Боб перевел нетерпеливый взгляд на Пуаро.
«Глупая женщина, – казалось, говорил он. – Но вы-то человек умный. Мячи хранятся в определенных местах. И этот ящик – одно из таких мест. В нем всегда лежал мой мячик. И сейчас он тоже должен быть там. Такова собачья логика».
– Там его нет, Боб, – подтвердил я.
Он недоверчиво посмотрел на меня. И, когда мы вышли из комнаты, нехотя последовал за нами.
Затем нам показали стенные шкафы, чулан под лестницей, небольшую буфетную, где, по словам служанки, «хозяйка обычно составляла букеты».
– Вы давно здесь служите? – спросил Пуаро.
– Двадцать два года, сэр.
– И одна ведете все хозяйство?
– Вместе с кухаркой, сэр.
– Она тоже давно служит у мисс Аранделл?
– Четыре года, сэр. Предыдущая кухарка умерла.
– А если я куплю этот дом, вы готовы остаться здесь?
Она слегка зарделась.
– Большое спасибо вам, сэр, но я решила больше не работать. Хозяйка оставила мне достаточно денег, и я хочу переехать к моему брату. Я живу здесь по просьбе мисс Лоусон, чтобы присмотреть за домом, пока он не будет продан.
Пуаро кивнул. В наступившей тишине послышался новый звук: тук, тук, тук. Он становился все громче и громче и, казалось, спускался откуда-то сверху.
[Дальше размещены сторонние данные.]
lemma lp_norm_coset_lp_norm:
  assumes g: "l1_nonneg G g" and r: "1 \<le> r"
  shows "lp_norm (G Mod H) r (coset_lp_norm G H r g) = lp_norm G r g"
proof -
  have "(\<Sum>\<^sub>\<infinity>c\<in>rcosets H. \<bar>coset_lp_norm G H r g c\<bar> powr r)
      = (\<Sum>\<^sub>\<infinity>c\<in>rcosets H. \<Sum>\<^sub>\<infinity>a\<in>c. \<bar>g a\<bar> powr r)"
    using r rcoset_subset_carrier
    by (intro infsum_cong) (simp add: coset_lp_norm_def coset_restrict_eq lp_norm_nonneg
        lp_norm_restrict_powr)
  also have "\<dots> = (\<Sum>\<^sub>\<infinity>a\<in>carrier G. \<bar>g a\<bar> powr r)"
    by (rule infsum_rcosets[OF summable_on_powr[OF g r]])
  finally show ?thesis
    unfolding lp_norm_def carrier_Mod by simp
qed

lemma coset_triple_le:
  assumes f: "l1_nonneg G f" and g: "l1_nonneg G g" and h: "l1_nonneg G h"
    and x: "x \<in> rcosets H" and y: "y \<in> rcosets H" and w: "w \<in> rcosets H"
  shows "coset_gamma_p G H p f x * coset_lp_norm G H p g y * coset_lp_norm G H (p / (p - 1)) h w
           \<le> infsum (mconv G (mconv G f g) h) (x <#> y <#> w)"
proof -
  define fx where "fx = (\<lambda>a. if a \<in> x then f a else 0)"
  define gy where "gy = (\<lambda>a. if a \<in> y then g a else 0)"
  define hw where "hw = (\<lambda>a. if a \<in> w then h a else 0)"
  note restricted = l1_nonneg_restrict[OF f] l1_nonneg_restrict[OF g] l1_nonneg_restrict[OF h]
  have fx: "l1_nonneg G fx" and gy: "l1_nonneg G gy" and hw: "l1_nonneg G hw"
    unfolding fx_def gy_def hw_def by (fact restricted)+
  have fgy: "l1_nonneg G (mconv G fx gy)"
    by (rule l1_nonneg_mconv[OF fx gy])
  have fg: "l1_nonneg G (mconv G f g)"
    by (rule l1_nonneg_mconv[OF f g])
  have z: "x <#> y <#> w \<subseteq> carrier G"
    using rcoset_subset_carrier x y w by (simp add: set_mult_closed)
  have "coset_gamma_p G H p f x * coset_lp_norm G H p g y * coset_lp_norm G H (p / (p - 1)) h w
      \<le> l1_norm G (mconv G (mconv G fx gy) hw)"
    using gamma_p_mult_le[OF gy hw, of p fx] x y w
    by (simp add: coset_gamma_p_def coset_lp_norm_def coset_restrict_eq fx_def gy_def hw_def)
  also have "\<dots> = infsum (mconv G (mconv G fx gy) hw) (x <#> y <#> w)"
    unfolding l1_norm_def
    using z mconv_mconv_restrict_eq_0[OF f g h] mconv_nonneg[OF fgy hw]
    by (intro infsum_cong_neutral) (auto simp: fx_def gy_def hw_def)
  also have "\<dots> \<le> infsum (mconv G (mconv G f g) h) (x <#> y <#> w)"
  proof (rule infsum_mono)
    show "mconv G (mconv G fx gy) hw summable_on x <#> y <#> w"
      "mconv G (mconv G f g) h summable_on x <#> y <#> w"
      using z l1_nonnegD(2) l1_nonneg_mconv fgy hw fg h by (metis summable_on_subset_banach)+
    fix a assume "a \<in> x <#> y <#> w"
    then have a: "a \<in> carrier G"
      using z by blast
    have "0 \<le> mconv G fx gy b \<and> mconv G fx gy b \<le> mconv G f g b" if "b \<in> carrier G" for b
      using that mconv_nonneg[OF fx gy] l1_nonnegD(1)[OF f] l1_nonnegD(1)[OF g]
      by (auto simp: fx_def gy_def intro!: mconv_mono[OF f g])
    then show "mconv G (mconv G fx gy) hw a \<le> mconv G (mconv G f g) h a"
      using a l1_nonnegD(1)[OF h] by (intro mconv_mono[OF fg h]) (auto simp: hw_def)
  qed
  finally show ?thesis .
qed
– Это Боб, сэр, – улыбнулась она. – Он нашел свой мячик и сбрасывает его сверху вниз по лестнице. Это его любимая игра.
Когда мы подошли к подножию лестницы, на нижнюю ступеньку шлепнулся, подпрыгнув, черный резиновый мячик. Я поймал его и посмотрел вверх. На площадке, расставив лапы, лежал Боб, виляя хвостом. Я кинул ему мяч. Он ловко поймал его, удовлетворенно пожевал минуту-другую, потом аккуратно положил между лапами и стал медленно подталкивать носом к краю площадки, пока мяч не скатился с верхней ступеньки и не запрыгал снова по лестнице. После чего Боб, наблюдая за этим процессом, изо всех сил завилял хвостом от удовольствия.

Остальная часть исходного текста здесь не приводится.